L'AS deve "irrigidire" la domanda, adeguandola nella sua
"forma", "contenuto" e "tempi" alla
"forma", "contenuto" e "tempi" della
risposta socio-istituzionale prevista per quella situazione data. Per
far ciò egli deve saper "praticizzare" le categorie
sociologiche e psicologiche, riuscendo sempre a collocare ogni
individuo-situazione in una particolare "scatola",
"cassetto", "armadio" o "schedario" del
suo ufficio. Egli deve saper vedere l'individuo attraverso "categorie
generali ed individuali": deve metterlo al suo "posto"
(e, cioè, deve saperlo mettere "a posto"). Ora, non si deve
pensare che la "mediazione" e il "compromesso" siano
delle funzioni "necessarie" del servizio sociale inserito
in un dato contesto organizzato: il compromesso e la mediazione
fanno, infatti, parte della "struttura" stessa della
professione. L'AS, si dice, opera in un campo psico-sociale: e, cioè,
"fra" individuo solitario e il sociale comunitario. Egli
sta "fra" domanda e risposta, "fra" arte e
scienza, "fra" organizzazione e autogestione. A mio avviso
il S.S. è una professione che si fonda sul "vuoto". Come
si fa infatti a presupporre che esista davvero qualcosa di simile ad
un rapporto "fra" una persona esclusa, violentata ed espulsa
dal contesto umano e sociale perché "improduttivo",
"scomoda" e "non gestibile" nei "lager
familiari", e i suoi carnefici?. Quando diciamo
infatti che lavoriamo in una prospettiva relazionale, noi al
contrario scegliamo o l'uno o l'altro polo della contraddizione che
la "crisi" dell'individuo apre nel sistema in equilibrio:
e, cioè, o lavoriamo per mettere in crisi il sistema o per
equilibrare l'individuo. La nostra non è una prospettiva relazionale
ma "politica". Questa affermazione
ci introduce direttamente al "cuore" del problema tecnico
e, in particolare, della capacità della tecnica di adattarsi
docilmente a qualsiasi utilizzo, anche disumano, distruttivo,
inutilmente violento, assurdamente punitivo. Ai professionisti si
insegna la "neutralità" o meglio ancora l'indifferenza. Il
tecnico, l'AS è (o ritiene di essere e/o di dover restare)

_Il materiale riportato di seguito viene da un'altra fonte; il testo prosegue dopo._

(* Let $m\ge 1$, $P,Q\ge 0$ be integers with $N=P+Q\ge1$, let $D$, $F_1,\ldots,F_m$, $\mathcal{E}$, $d$ and $G_F:\mathcal{E}\to\mathcal{E}$ be as described in the context, and assume that the state network of $G_F$ is strongly connected. Then $G_F$ is topologically transitive on $(\mathcal{E},d)$: for any nonempty open sets $U',U''\subseteq\mathcal{E}$ there exists $n_0>0$ with $G_F^{n_0}(U')\cap U''\neq\varnothing$.
   Context: Let $D=\{k\,2^{-Q}: k=0,1,\ldots,2^N-1\}$ be the set of $N$-bit fixed-point numbers; each $x\in D$ is written in binary as $x=x_{P-1}x_{P-2}\ldots x_0.x_{-1}\ldots x_{-Q}$ with digits $x_j\in\{0,1\}$. For $x,y\in D$ let $x\cdot y$, $x+y$ and $\overline{x}$ denote bitwise AND, bitwise OR and bitwise NOT (complement of every one of the $N$ digits), which are again elements of $D$. Let $F_1,\ldots,F_m:D^m\to D$ be arbitrary functions. Let $\Sigma$ be the set of one-sided infinite sequences $w=w^1w^2\ldots$ with $w^k\in D$, and $\sigma:\Sigma\to\Sigma$ the left shift $\sigma(w)=w^2w^3\ldots$. Let $\mathcal{E}=\Sigma^m\times D^m$, with elements $E=((w_1,\ldots,w_m),(x_1,\ldots,x_m))$. Define $G_F:\mathcal{E}\to\mathcal{E}$ by $G_F((w_1,\ldots,w_m),x)=((\sigma(w_1),\ldots,\sigma(w_m)),(H_1,\ldots,H_m))$, where $x=(x_1,\ldots,x_m)$ and $H_i=(x_i\cdot\overline{w_i^1})+(F_i(x)\cdot w_i^1)$ (i.e. bit $j$ of $x_i$ is replaced by bit $j$ of $F_i(x)$ exactly when bit $j$ of $w_i^1$ is $1$). The metric on $\mathcal{E}$ is $d(E,\hat E)=\sum_{i=1}^m\sum_{k=1}^\infty \frac{|w_i^k-\hat w_i^k|}{2^{Nk}}+\sqrt{\sum_{i=1}^m (x_i-\hat x_i)^2}$. The state network of $G_F$ is the directed graph whose vertex set is $D^m$, with an edge from $\hat x$ to $\tilde x$ whenever there is some $(w_1,\ldots,w_m)\in\Sigma^m$ such that the $D^m$-component of $G_F((w_1,\ldots,w_m),\hat x)$ equals $\tilde x$. It is strongly connected if every vertex is reachable from every other vertex by a directed path. *)

theory Defs
  imports "HOL-Analysis.Analysis"
begin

"neutrale" rispetto al conflitto e alle contraddizioni
in/su cui si trova ad operare. Egli deve ergersi come mediatore
imparziale, realistico, attento al contempo al bene sociale e a
quello individuale. Deve rendersi garante del rispetto delle "regole
del gioco", senza protendere da una o dall'altra parte: deve
stare "fra" e favorire la comunicazione tra i due sistemi
(quello della domanda e quello della risposta), altrimenti
irriducibili l'uno all'altro se non attraverso un'azione di forza. L'uso della forza,
in società post-industriali, post-moderne, post-umane è senz'altro
qualcosa di molto "impopolare" ed "inopportuno": è
uno scontro inutile, un inutile spreco di energie e di forze
produttive. È più
sicuro e, allo stesso tempo, paradossale "far costruire al
carcerato da sé la propria cella".
La neutralità
impossibile
Essere "neutri"
ci tira fuori da ogni responsabilità morale, sociale, umana o
politica. In fondo noi siamo dei professionisti, praticizziamo un
sapere secondo gli ambiti economico-produttivi, socio-familiari e
religioso-morali dell'organizzazione sociale in cui operiamo. I
nostri ambiti, funzioni e competenze sono stabiliti "per legge",
le nostre responsabilità sono tecniche, pratiche o terapeutiche, ma
noi non abbiamo "colpa" se non nel senso generale che "tutta
la società ha colpa" del formarsi delle situazioni di disagio e
di disperazione a cui noi "rispondiamo". Ma noi a chi o a
cosa rispondiamo? Sicuramente non al soggetto che "domanda" (o
non necessariamente): noi rispondiamo alla "domanda" che
noi stessi preformiamo in vista della "risposta" che
sappiamo/dobbiamo/possiamo darle. Questo nostro modo di "rispondere",
quindi, non ha niente a che vedere con la situazione interpersonale
d'aiuto che vorrebbe riprodurre. Il "rispondere" qui ha il
senso di "coprire" "mistificare", "non far
parlare". L'AS e l'individuo che gli sta di fronte appaiono come
due che urlano per far udire la propria voce "su" quella
dell'altro. L'AS finisce, generalmente, per prevalere, questo
significa che egli si conquista il diritto/dovere di comprendere,
interpretare e definire la situazione dell'altro, di interpretare e
definire le sue domande e, quindi, di "progettare" le
risposte adatte al "caso". Essere "neutrale"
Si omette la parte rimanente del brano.